Nothing wrong with being a little crazy.
i started riding in the sixties. big clubs then the Aliens in the bronx, nomads in manhattan the Breed in new jersey.
Cool
Danny, neglecting speedlimits doesn't make you "crazier" ... and I'm sure you know that .
Anyway, I love all your work. Your book was a big inspiration for me in my younger years.
Love and respect,
Chris1%er,
Outlaws Mechelen, Belgium
Motherchapter Europe.
Much respect, brother. Neil 1%er, SA, Mid Wales 🇬🇧
This is what the new film "the bikeriders" with tom hardy is all based on
I'm here for The Bikeriders (2024)
This is the real deal, not bullshit Hollywood
Cool background music. Anyone know the tune that starts at 4:58, is it a band or original production made for the series?
Songs called black top chasers by Sean lyons
Sparky is my great uncle my grandmother’s brother
Incredible !! That's amazing !!
If you want an original book you gotta pay anywhere from $300 to $1,800 for it depending on the condition you want it to be in.
So when you think about it it was the Outlaws that started the culture not the HellsAngels.
Everyone is saying Hollister or HellsAngels.
It all started with the Outlaws.
AMA RACING
It seems that freedom is something that cannot be experienced if not by fighting for it.
Anyone ever follow up on the blonde at 6:12 - beautiful.
2 Black men created and built the motorcycles/choppers used in easy rider! 🎉
Back in the good old days when bikers rode on panheads and were actually fit
You mean "actually young". 🤣
Movie: MUDD will you put me in a movie Danny (Wade) I have a script written & framed
You can't be an outlaw on a motorcycle because the Law says you have to carry insurance.
No more free rides.
The advent of the "outlaw bikers" marked the first time in American history when the natural or normative maturation of boys did not have them automatically progress into men taking their wise patriarchal place in society, rather they diverged into arrested development cases and crime. The phenomena has only become more pronounced since then with the consequent detriment to the country.

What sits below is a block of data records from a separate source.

definition collision_weight ::
  "(nat \<Rightarrow> nat \<Rightarrow> real) \<Rightarrow> nat \<Rightarrow> nat \<Rightarrow> nat \<Rightarrow> (nat \<Rightarrow> nat) \<Rightarrow> nat \<Rightarrow> real" where
  "collision_weight A n d k h x = (\<Sum>y\<in>{y \<in> {..<n} - {x}. h y = h x}. item_weight A d k y)"

lemma collision_weight_nonneg: "0 \<le> collision_weight A n d k h x"
  by (simp add: collision_weight_def sum_nonneg item_weight_nonneg)

text \<open>x itself accounts for fewer than d/k of the small-item entries in its bucket, so the other
  small items there carry more than d/k entries, i.e. weight above 1.\<close>
lemma one_le_collision_weight_if_not_good:
  assumes "0 < k" "0 < d" "2 * real d / real k \<le> B" "\<not> good_iteration A n d k B h x"
  shows "1 \<le> collision_weight A n d k h x"
proof (cases "\<exists>y<n. y \<noteq> x \<and> large A d k y \<and> h y = h x")
  case True
  then obtain y where y: "y < n" "y \<noteq> x" "large A d k y" "h y = h x"
    by blast
  then have "item_weight A d k y \<le> collision_weight A n d k h x"
    unfolding collision_weight_def by (intro member_le_sum) (auto simp: item_weight_nonneg)
  with y assms(1,2) show ?thesis
    by (simp add: item_weight_large)
next
  case False
  define Sm where "Sm = {y. y < n \<and> \<not> large A d k y \<and> h y = h x}"
  have "finite Sm"
    by (simp add: Sm_def)
  have "B < (\<Sum>y\<in>Sm. real (nnz_row A d y))"
    using assms(4) False by (auto simp: good_iteration_def Sm_def not_le)
  also have "\<dots> \<le> (\<Sum>y\<in>Sm - {x}. real (nnz_row A d y)) + real d / real k"
  proof (cases "x \<in> Sm")
    case True
    then have "real (nnz_row A d x) < real d / real k"
      by (simp add: Sm_def large_def)
    with True \<open>finite Sm\<close> show ?thesis
      by (simp add: sum.remove)
  qed simp
  finally have "real d / real k < (\<Sum>y\<in>Sm - {x}. real (nnz_row A d y))"
    using assms(3) by simp
  then have "real k / real d * (real d / real k) < real k / real d * (\<Sum>y\<in>Sm - {x}. real (nnz_row A d y))"
    using assms(1,2) by (intro mult_strict_left_mono) auto
  also have "\<dots> = (\<Sum>y\<in>Sm - {x}. item_weight A d k y)"
    using assms(1,2) by (simp add: sum_distrib_left Sm_def item_weight_small)
  also have "\<dots> \<le> collision_weight A n d k h x"
    unfolding collision_weight_def
    by (intro sum_mono2) (auto simp: Sm_def item_weight_nonneg)
  finally show ?thesis
    using assms(1,2) by simp
qed
(* Let $R$ be a partial algebra over an algebraically closed field $k$ in which every element is algebraic over $k$ (e.g. a finite-dimensional $k$-algebra with its standard partial algebra structure). Then a morphism of partial $k$-algebras $R\to k$ is uniquely determined by its restriction to the set of idempotents of $R$ (elements $e$ with $e\cdot e=e$).
   Context: A partial $k$-algebra is a set $R$ with a reflexive symmetric relation $\perp$ (commeasurability), partial operations $+,\cdot$ defined on pairs $a\perp b$, scalar multiplication $k\times R\to R$, and elements $0,1$ such that: every $a$ is commeasurable with $0$ and $1$; if $a_1,a_2,a_3$ are pairwise commeasurable and $\lambda\in k$ then $a_1+a_2$, $a_1a_2$, $\lambda a_1$ are commeasurable with $a_3$ (resp. $a_2$); for pairwise commeasurable $a_1,a_2,a_3$ the values of all commutative polynomials in them form a commutative $k$-algebra. A full $k$-algebra has the standard partial structure with $a\perp b$ iff $ab=ba$. An element $a$ is algebraic if $k[a]$ (values of polynomials in $a$) is finite-dimensional over $k$. A morphism $f\colon R\to k$ satisfies, for $a\perp b$, $\lambda\in k$: $f(\lambda a)=\lambda f(a)$, $f(a+b)=f(a)+f(b)$, $f(ab)=f(a)f(b)$, $f(0)=0$, $f(1)=1$. *)

theory Defs
  imports "HOL-Computational_Algebra.Polynomial"
begin

text \<open>A partial k-algebra, given by its carrier, commeasurability relation, the (partial)
  operations (only meaningful on commeasurable pairs), scalar multiplication, zero and one.\<close>

record ('k, 'a) palg =
  pcarrier :: "'a set"
  pcm :: "'a \<Rightarrow> 'a \<Rightarrow> bool"
  padd :: "'a \<Rightarrow> 'a \<Rightarrow> 'a"
  pmul :: "'a \<Rightarrow> 'a \<Rightarrow> 'a"
  psmul :: "'k \<Rightarrow> 'a \<Rightarrow> 'a"
  pzero :: 'a
  pone :: 'a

yeah, didnt happen after the civil war, or wwii, or viet nam for that matter...." natural or formative maturation of boys.." shalped by war and finally distrust/disgust with the people supposedly running things, so dropping out or going your own way and finding like minded people groups... nah, not normal at all
I cant read...forgive me
the bikers did not evolve from rock n roll. It was the WW2 vets.
They inherited the 1930s biker culture but that history didn't get recognized in recent pop culture so except for the serious it's ignored.
the Boozefighters were the original 1%ers
It's pronounced Lou-uh-vull.
FWIW
OFFO
Why on earth did the editor put these photos against a glaringly bright white background? Ouch.